Joseph Antin, MD
This is actually one of the first stem cell transplantation programs to be started worldwide. We did our first transplant in 1972. Back in those days very few transplants were done per year. We typically did just a few per year. Things have changed rather substantially in the past couple of decades. Now we do in the range of 550 to 570 transplantations a year.
There are two major types of transplantation that we do. The first is called autologous transplantation, meaning that the patient’s own stem cells are used. The second type of transplant that we do is allogeneic, using family members, unrelated donors, umbilical cord blood, matched donors, mismatched donors for a variety of blood diseases, leukemias, lymphomas, congenital disorders and various forms of blood, bone marrow failure. And these are principally done in a couple of situations, the first being those people who have an intrinsic bone marrow disorder. And these are commonly leukemia or other forms of bone marrow failure such as myelodysplastic syndrome or aplastic anemia or even patients who have congenital bone marrow disorder such as thalassemia or sickle cell anemia.
So if we go back to the early days of transplantation, really the only acceptable donor was a matched sibling – which is great, matched sibling transplantation is a very effective way to go except that with the average family size in the United States of being less than two children per family, the chance of finding a matched donor in a family is less than 25 percent.

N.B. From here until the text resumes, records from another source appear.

lemma encode_bij:
  assumes P3: "\<And>n. P (3 * n) = P n"
  shows "bij_betw encode (bipartitions P \<times> bipartitions P) {Q. Q \<subseteq> copies P \<and> finite Q}"
proof (rule bij_betw_byWitness[where f' = decode])
  show "\<forall>x\<in>bipartitions P \<times> bipartitions P. decode (encode x) = x"
    by (auto simp: decode_def encode_def)
  show "encode ` (bipartitions P \<times> bipartitions P) \<subseteq> {Q. Q \<subseteq> copies P \<and> finite Q}"
    using P3 by (auto simp: encode_def bipartitions_def copies_def mult3_def)
  show "\<forall>Q\<in>{Q. Q \<subseteq> copies P \<and> finite Q}. encode (decode Q) = Q"
  proof (intro ballI set_eqI)
    fix Q and x :: "nat \<times> nat"
    assume "Q \<in> {Q. Q \<subseteq> copies P \<and> finite Q}"
    then have Q: "Q \<subseteq> copies P" by blast
    obtain n c where x: "x = (n, c)" by fastforce
    have "x \<in> Q \<Longrightarrow> c = 0 \<or> c = 1 \<or> (c \<in> {2, 3} \<and> n = 3 * (n div 3))"
      using Q unfolding x by (auto simp: copies_def mult3_def split: if_splits)
    then show "x \<in> encode (decode Q) \<longleftrightarrow> x \<in> Q"
      unfolding x encode_def decode_def by (auto simp: image_iff) metis+
  qed
  show "decode ` {Q. Q \<subseteq> copies P \<and> finite Q} \<subseteq> bipartitions P \<times> bipartitions P"
  proof (rule image_subsetI)
    fix Q assume "Q \<in> {Q. Q \<subseteq> copies P \<and> finite Q}"
    then have Q: "Q \<subseteq> copies P" "finite Q" by auto
    have "finite {n. (f n, c) \<in> Q}" if "inj f" for f :: "nat \<Rightarrow> nat" and c :: nat
      using finite_vimageI[OF Q(2), of "\<lambda>n. (f n, c)"] that by (simp add: inj_def vimage_def)
    from this[of id] this[of "(*) 3"] show "decode Q \<in> bipartitions P \<times> bipartitions P"
      using Q(1) P3 by (auto simp: decode_def bipartitions_def copies_def inj_def)
  qed
qed

lemma partitions_count:
  assumes P3: "\<And>n. P (3 * n) = P n"
  shows "card (distinct_partitions (copies P) N) = card (weighted_pairs P N)"
proof -
  note bij = encode_bij[of P, OF P3]
  have "{x \<in> bipartitions P \<times> bipartitions P. encode x \<in> distinct_partitions (copies P) N}
      = weighted_pairs P N"
  proof (intro set_eqI iffI)
    fix x assume "x \<in> {x \<in> bipartitions P \<times> bipartitions P. encode x \<in> distinct_partitions (copies P) N}"
    then show "x \<in> weighted_pairs P N"
      using sum_encode by (fastforce simp: distinct_partitions_def weighted_pairs_def bipartitions_def)
  next
    fix x assume x: "x \<in> weighted_pairs P N"
    then have "x \<in> bipartitions P \<times> bipartitions P" by (auto simp: weighted_pairs_def)
    then have "encode x \<subseteq> copies P" "finite (encode x)" using bij_betwE[OF bij] by auto
    then show "x \<in> {x \<in> bipartitions P \<times> bipartitions P. encode x \<in> distinct_partitions (copies P) N}"
      using x sum_encode by (fastforce simp: distinct_partitions_def weighted_pairs_def bipartitions_def)
  qed
  moreover have "card {x \<in> bipartitions P \<times> bipartitions P. encode x \<in> distinct_partitions (copies P) N}
      = card (distinct_partitions (copies P) N)"
    by (rule card_preimage_bij[OF bij]) (auto simp: distinct_partitions_def)
  ultimately show ?thesis by simp
qed

lemma odd_pairs_doubling:
  assumes "odd N"
  shows "2 * card (weighted_pairs odd N)
       = card {(p1, p2) \<in> bipartitions odd \<times> bipartitions odd. energy p1 + 3 * energy p2 = int N - 1}"
    (is "_ = card ?E")
proof -
  let ?G = "\<lambda>(p1, p2). ((charge p1, charge p2), (normal_form p1, normal_form p2))"
  define S where "S = {((j, k), (q1, q2)) \<in> UNIV \<times> (neutral \<times> neutral).
                        int (weight q1) + j\<^sup>2 + 3 * (int (weight q2) + k\<^sup>2) = int N}"
  define T where "T = {((a, c), (q1, q2)) \<in> UNIV \<times> (neutral \<times> neutral).
                        int (weight q1) + (a\<^sup>2 + a) + 3 * (int (weight q2) + (c\<^sup>2 + c)) = int N - 1}"
  have memb: "?G (p1, p2) \<in> S \<longleftrightarrow> (p1, p2) \<in> weighted_pairs odd N"
    "?G (p1, p2) \<in> T \<longleftrightarrow> (p1, p2) \<in> ?E"
    if p: "p1 \<in> bipartitions odd" "p2 \<in> bipartitions odd" for p1 p2
  proof -
    have "weight p1 + 3 * weight p2 = N \<longleftrightarrow> int (weight p1) + 3 * int (weight p2) = int N"
      by linarith
    then show "?G (p1, p2) \<in> S \<longleftrightarrow> (p1, p2) \<in> weighted_pairs odd N"
      using p normal_form[OF p(1)] normal_form[OF p(2)] by (simp add: S_def weighted_pairs_def)
    show "?G (p1, p2) \<in> T \<longleftrightarrow> (p1, p2) \<in> ?E"
      using p normal_form[OF p(1)] normal_form[OF p(2)] by (simp add: T_def energy_def algebra_simps)
  qed
  have "{x \<in> bipartitions odd \<times> bipartitions odd. ?G x \<in> S} = weighted_pairs odd N"
    and "{x \<in> bipartitions odd \<times> bipartitions odd. ?G x \<in> T} = ?E"
    using memb by (auto simp: weighted_pairs_def)
  then have "card (weighted_pairs odd N) = card S" and "card ?E = card T"
    using card_preimage_bij[OF charge_decomposition, of S] card_preimage_bij[OF charge_decomposition, of T]
    by (auto simp: S_def T_def)
  then show ?thesis
    using neutral_representations_doubling[of "int N"] assms unfolding S_def T_def by simp
qed

lemma S_partition_parity:
  assumes "Q \<in> distinct_partitions S_elems N"
  shows "even (card Q) \<longleftrightarrow> even N"
proof -
  have "finite Q" "\<forall>x\<in>Q. odd (fst x)" "(\<Sum>x\<in>Q. fst x) = N"
    using assms by (auto simp: distinct_partitions_def S_elems_def)
  then show ?thesis using sum_of_odd_parity[of Q fst] by simp
qed

lemma T_partition_parity:
  assumes "Q \<in> distinct_partitions T_elems N"
  shows "even N"
  using assms by (auto simp: distinct_partitions_def T_elems_def intro!: dvd_sum)

text \<open>For even \<open>N\<close> both sides vanish by parity.\<close>

theorem theorem3p6:
  fixes N :: nat
  assumes "N \<ge> 1"
  shows "D_S N = 2 * D_T (N - 1)"
proof (cases "odd N")
  case True
  have S: "S_elems = copies odd" and T: "T_elems = copies even"
    by (auto simp: S_elems_def T_elems_def copies_def)
  have "{Q \<in> distinct_partitions S_elems N. odd (card Q)} = distinct_partitions S_elems N"
    using S_partition_parity True by blast
  then have "D_S N = card (weighted_pairs odd N)"
    unfolding D_S_def S by (simp add: partitions_count)
  moreover have "D_T (N - 1) = card (weighted_pairs even (N - 1))"
    unfolding D_T_def T by (simp add: partitions_count)
  moreover have "2 * card (weighted_pairs odd N) = 4 * card (weighted_pairs even (N - 1))"
    using odd_pairs_doubling[OF True] energy_pairs_count[of "N - 1"] assms by simp
  ultimately show ?thesis by simp
next
  case False
  moreover have "odd (N - 1)" using False assms by presburger
  ultimately have "{Q \<in> distinct_partitions S_elems N. odd (card Q)} = {}"
    and "distinct_partitions T_elems (N - 1) = {}"
    using S_partition_parity T_partition_parity by blast+
  then show ?thesis unfolding D_S_def D_T_def by (metis card.empty mult_0_right)
qed

end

So the more people in the registry the better but there are limitations on that as well. And so over the past few years we have devoted our attention to doing transplantation using donors that are only partially matched. And that allowed us to cross HLA barriers; that is to perform successful transplantation using donors that were not fully matched. And cord blood transplantation, since the late 1980s has become a very important part of our armamentarium. But even then we didn’t have enough donors for everybody.
And over just the past few years we sort of cracked the code for how to do mismatched transplantations, that is, to use a brother or a sister who is only half matched, to use a parent as a donor for an offspring who is, for genetic purposes an obligate half-match, or a child to his parent. This is called haploidentical transplantation. And for many years we couldn’t do it. But in the past few years we solved the technical barrier to doing that, and now we can find a donor for just about everyone.
If I look back on my career in 1981, if you were 35, that was the upper age limit where we did transplantation. And that limited us to doing on the order of 20 or 30 transplants a year back in those days. Well, we recognized that it was a problem and that it was a limitation to what we were doing. And as we advanced in our understanding of the basic biology of the diseases, as we improved in our ability to provide supportive care, as we learned how to reduce the side effects of the transplantation, what we call conditioning regimens, the chemotherapy and radiation that are administered, and how better to control graft versus host disease we were able to offer transplantation to older and older people.
So now, for instance, last year we did 570 transplantations. The average age is about 55 or 60. And we’re doing transplantations up until the age of about 75, which I would never have imagined in 1981as a fellow in transplantation.
The future of transplantation, I think looks very bright. We are progressively understanding these diseases more. We are coming up with better antibiotics. As we understand the underlying biology of the diseases we’re able to target those, the frailties of the cancer cell. So while some of these newer therapies may not be curative in and of themselves they may enhance the cure rate when we combine them with transplantation and that’s one of the important places that we’re going.
This is one of the largest transplant programs in the world. And one of the advantages of being in a big program is the experience of the people who work here. Our nurses and our physicians are exposed to a large number of patients who have transplant-related complications and therefore become highly experienced in the management of these complications to a degree that I think you might not see in a smaller center.
It also gives us a critical mass of patients who have kindly volunteered to participate in research activities. And these research activities have, without question improved the outcomes of people who have gone through transplantation. And the more we can leverage that, the more effective we are and the better our outcomes become.